I'm pretty sure there hasn't been a single case of an army crossing the Amazon rainforest or Sahara desert (outside the one route already present in EU3) in the time period.

still let's not forget how hannibal and his elephantes crossed the himalayan
 
Originally Posted by Pied-Noir
That's something EU2 did much better anyway. I always hated replenishing armies in EU3, but I guess they're here to stay.

Wow, no. That was horrible, despite it being more realistic.

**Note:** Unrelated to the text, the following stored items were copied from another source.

(* Let $(M,d)$ be a metric space, $A\subseteq M$ finite and $\beta>0$. For all $r,k>0$: (i) $\mathrm{Cr}^\beta_{r,k}(A)\subseteq\mathrm{Cov}_{(1+\beta^{-1})r,k}(A)$, and (ii) $\mathrm{Cov}_{r,k}(A)\subseteq\mathrm{Cr}^\beta_{\max\{1,2\beta\}r,k}(A)$.
   Context: $\bar B_d(x,r)=\{y\in M:d(x,y)\le r\}$. For finite $A\subseteq M$, $k>0$, $x\in M$, the $k$-core distance $\mathrm{core}^A_k(x)\in[0,\infty]$ is the distance from $x$ to its $\lceil k\rceil$-th nearest neighbor in $A$ (each point of $A$ counted once, $x$ itself counting if $x\in A$); equivalently $\mathrm{core}^A_k(x)=\min\{r\ge0:|\bar B_d(x,r)\cap A|\ge k\}$, and it is $\infty$ if $k>|A|$. The multicover bifiltration is $\mathrm{Cov}_{r,k}(A)=\{x\in M:|\bar B_d(x,r)\cap A|\ge k\}$. For $\beta>0$, $\Lambda^\beta_k(a,x)=\max\{\beta\,\mathrm{core}^A_k(a),d(a,x)\}$ ($a\in A$, $x\in M$), $B^\beta_{r,k}(a)=\{x\in M:\Lambda^\beta_k(a,x)\le r\}$, and the core bifiltration is $\mathrm{Cr}^\beta_{r,k}(A)=\bigcup_{a\in A}B^\beta_{r,k}(a)$. *)

theory Defs
  imports "HOL-Analysis.Analysis" "HOL-Library.Extended_Real"
begin

text \<open>Closed ball: cball x r = {y. dist x y \<le> r} (library).
  k-core distance, valued in [0,\<infinity>] (infinite if fewer than k points of A):
  core A k x = min {r \<ge> 0 : |cball x r \<inter> A| \<ge> k}.\<close>

definition core_dist :: "'a::metric_space set \<Rightarrow> real \<Rightarrow> 'a \<Rightarrow> ereal" where
  "core_dist A k x = Inf {ereal r | r. r \<ge> 0 \<and> real (card (cball x r \<inter> A)) \<ge> k}"

definition multicover :: "'a::metric_space set \<Rightarrow> real \<Rightarrow> real \<Rightarrow> 'a set" where
  "multicover A r k = {x. real (card (cball x r \<inter> A)) \<ge> k}"

definition core_lambda :: "'a::metric_space set \<Rightarrow> real \<Rightarrow> real \<Rightarrow> 'a \<Rightarrow> 'a \<Rightarrow> ereal" where
  "core_lambda A \<beta> k a x = max (ereal \<beta> * core_dist A k a) (ereal (dist a x))"

definition core_ball :: "'a::metric_space set \<Rightarrow> real \<Rightarrow> real \<Rightarrow> real \<Rightarrow> 'a \<Rightarrow> 'a set" where
  "core_ball A \<beta> r k a = {x. core_lambda A \<beta> k a x \<le> ereal r}"

definition core_bifiltration :: "'a::metric_space set \<Rightarrow> real \<Rightarrow> real \<Rightarrow> real \<Rightarrow> 'a set" where
  "core_bifiltration A \<beta> r k = (\<Union>a\<in>A. core_ball A \<beta> r k a)"

end

theory Submission
  imports Defs
begin

text \<open>Part (i): a point x in the core ball of a \<in> A has dist a x \<le> r, and the ball of radius
  r/\<beta> around a already holds k points of A; the triangle inequality puts all of them within
  (1 + 1/\<beta>) r of x.
  Part (ii): if cball x r holds k points of A, pick one of them, a; then cball a (2 r)
  contains cball x r, so core_k(a) \<le> 2 r, and both terms of \<Lambda>(a, x) are at most
  max 1 (2 \<beta>) r.\<close>

lemma card_cball_inter_mono:
  assumes "finite A" "cball x s \<subseteq> cball y t"
  shows "card (cball x s \<inter> A) \<le> card (cball y t \<inter> A)"
  using assms by (intro card_mono) auto

lemma cball_subset_cball_triangle:
  fixes x y :: "'a::metric_space"
  assumes "dist x y + s \<le> t"
  shows "cball y s \<subseteq> cball x t"
proof
  fix z assume "z \<in> cball y s"
  with dist_triangle[of x z y] assms show "z \<in> cball x t" by simp
qed

lemma finite_cball_inter_gap:
  fixes a :: "'a::metric_space"
  assumes "finite A"
  obtains e where "e > 0" "cball a (c + e) \<inter> A = cball a c \<inter> A"
proof -
  define D where "D = insert 1 ((\<lambda>y. dist a y - c) ` {y\<in>A. dist a y > c})"
  have "finite D" "\<forall>d\<in>D. d > 0"
    using assms unfolding D_def by auto
  then have "Min D > 0"
    by (simp add: D_def)
  have "cball a (Min D / 2 + c) \<inter> A \<subseteq> cball a c \<inter> A"
  proof
    fix y assume y: "y \<in> cball a (Min D / 2 + c) \<inter> A"
    show "y \<in> cball a c \<inter> A"
    proof (rule ccontr)
      assume "y \<notin> cball a c \<inter> A"
      with y have "dist a y - c \<in> D"
        unfolding D_def by auto
      with \<open>finite D\<close> have "Min D \<le> dist a y - c"
        by simp
      with y \<open>Min D > 0\<close> show False
        by auto
    qed
  qed
  with \<open>Min D > 0\<close> show ?thesis
    by (intro that[of "Min D / 2"]) (auto simp: add.commute)
qed

lemma core_dist_nonneg: "core_dist A k a \<ge> 0"
  unfolding core_dist_def by (rule Inf_greatest) auto

text \<open>The infimum in core_dist is attained because A is finite.\<close>
lemma core_dist_le_iff:
  assumes "finite A" "s \<ge> 0"
  shows "core_dist A k a \<le> ereal s \<longleftrightarrow> k \<le> real (card (cball a s \<inter> A))"
proof
  assume "k \<le> real (card (cball a s \<inter> A))"
  with assms(2) show "core_dist A k a \<le> ereal s"
    unfolding core_dist_def by (intro Inf_lower) auto
next
  assume "core_dist A k a \<le> ereal s"
  obtain e where e: "e > 0" "cball a (s + e) \<inter> A = cball a s \<inter> A"
    using finite_cball_inter_gap[OF assms(1)] .
  with \<open>core_dist A k a \<le> ereal s\<close> have "core_dist A k a < ereal (s + e)"
    by (simp add: le_less_trans)
  then obtain t where t: "k \<le> real (card (cball a t \<inter> A))" "t < s + e"
    unfolding core_dist_def by (auto simp: Inf_less_iff)
  have "card (cball a t \<inter> A) \<le> card (cball a (s + e) \<inter> A)"
    using t(2) by (intro card_cball_inter_mono[OF assms(1)]) auto
  with t(1) e(2) show "k \<le> real (card (cball a s \<inter> A))"
    by simp
qed

lemma core_dist_le_div:
  assumes "\<beta> > 0" "ereal \<beta> * core_dist A k a \<le> ereal r"
  shows "core_dist A k a \<le> ereal (r / \<beta>)"
proof (cases "core_dist A k a")
  case (real c)
  with assms show ?thesis
    by (simp add: field_simps)
next
  case PInf
  with assms show ?thesis
    by simp
next
  case MInf
  with core_dist_nonneg[of A k a] show ?thesis
    by simp
qed

lemma core_bifiltration_subset_multicover:
  assumes "finite A" "\<beta> > 0"
  shows "core_bifiltration A \<beta> r k \<subseteq> multicover A ((1 + 1 / \<beta>) * r) k"
proof
  fix x assume "x \<in> core_bifiltration A \<beta> r k"
  then obtain a where "a \<in> A" and core: "ereal \<beta> * core_dist A k a \<le> ereal r"
    and dist: "dist a x \<le> r"
    unfolding core_bifiltration_def core_ball_def core_lambda_def by auto
  have "r \<ge> 0"
    using dist zero_le_dist order_trans by blast
  with assms(2) have "r / \<beta> \<ge> 0"
    by simp
  have "k \<le> real (card (cball a (r / \<beta>) \<inter> A))"
    using core_dist_le_div[OF assms(2) core] core_dist_le_iff[OF assms(1) \<open>r / \<beta> \<ge> 0\<close>] by blast
  also have "\<dots> \<le> card (cball x ((1 + 1 / \<beta>) * r) \<inter> A)"
    using dist by (intro of_nat_mono card_cball_inter_mono[OF assms(1)] cball_subset_cball_triangle)
      (simp add: dist_commute algebra_simps)
  finally show "x \<in> multicover A ((1 + 1 / \<beta>) * r) k"
    unfolding multicover_def by simp
qed

lemma multicover_subset_core_bifiltration:
  assumes "finite A" "\<beta> > 0" "r \<ge> 0" "k > 0"
  shows "multicover A r k \<subseteq> core_bifiltration A \<beta> (max 1 (2 * \<beta>) * r) k"
proof
  fix x assume "x \<in> multicover A r k"
  then have cover: "k \<le> real (card (cball x r \<inter> A))"
    unfolding multicover_def by simp
  with \<open>k > 0\<close> have "cball x r \<inter> A \<noteq> {}"
    by auto
  then obtain a where "a \<in> A" and dist: "dist x a \<le> r"
    by auto
  have "card (cball x r \<inter> A) \<le> card (cball a (2 * r) \<inter> A)"
    using dist by (intro card_cball_inter_mono[OF assms(1)] cball_subset_cball_triangle)
      (simp add: dist_commute)
  with cover assms(1,3) have "core_dist A k a \<le> ereal (2 * r)"
    by (subst core_dist_le_iff) auto
  with assms(2) have "ereal \<beta> * core_dist A k a \<le> ereal (2 * \<beta> * r)"
    using ereal_mult_left_mono[of "core_dist A k a" "ereal (2 * r)" "ereal \<beta>"]
    by (simp add: mult_ac)
  also have "\<dots> \<le> ereal (max 1 (2 * \<beta>) * r)"
    using assms(3) by (simp add: mult_right_mono)
  finally have "ereal \<beta> * core_dist A k a \<le> ereal (max 1 (2 * \<beta>) * r)" .
  moreover have "dist a x \<le> max 1 (2 * \<beta>) * r"
    using dist assms(3) mult_right_mono[of 1 "max 1 (2 * \<beta>)" r] by (simp add: dist_commute)
  ultimately show "x \<in> core_bifiltration A \<beta> (max 1 (2 * \<beta>) * r) k"
    using \<open>a \<in> A\<close> unfolding core_bifiltration_def core_ball_def core_lambda_def by auto
qed

theorem mainTheorem3:
  fixes A :: "'a::metric_space set" and \<beta> r k :: real
  assumes "finite A" and "\<beta> > 0" and "r > 0" and "k > 0"
  shows "core_bifiltration A \<beta> r k \<subseteq> multicover A ((1 + 1 / \<beta>) * r) k
         \<and> multicover A r k \<subseteq> core_bifiltration A \<beta> (max 1 (2 * \<beta>) * r) k"
  using core_bifiltration_subset_multicover[OF assms(1,2)]
    multicover_subset_core_bifiltration[OF assms(1,2) _ assms(4)] assms(3) by simp

end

I don't have an issue with replenishing armies, it saves a huge amount of tedious merging and deleting of understrength units. In EU3 when units replenished they lost some experience to simulate the effects of fresh recruits. Provided checks that this, and limits on where units can replenish and how quickly the can, are in place I think the replenishing armies should stay.
 
I don't have an issue with replenishing armies, it saves a huge amount of tedious merging and deleting of understrength units. In EU3 when units replenished they lost some experience to simulate the effects of fresh recruits. Provided checks that this, and limits on where units can replenish and how quickly the can, are in place I think the replenishing armies should stay.

What?
 
If you check out the image gallery that comes with Destructoid's EUIV article you can see an American Revolutionary War soldier. That means the game extends to the 1770s/1780s.

Good catch.

I think the four agents are merchant, colonist, spy, missionary (or spy, colonist, merchant, missionary). The army, administrative and diplomatic points make diplomats and magistrates redundant.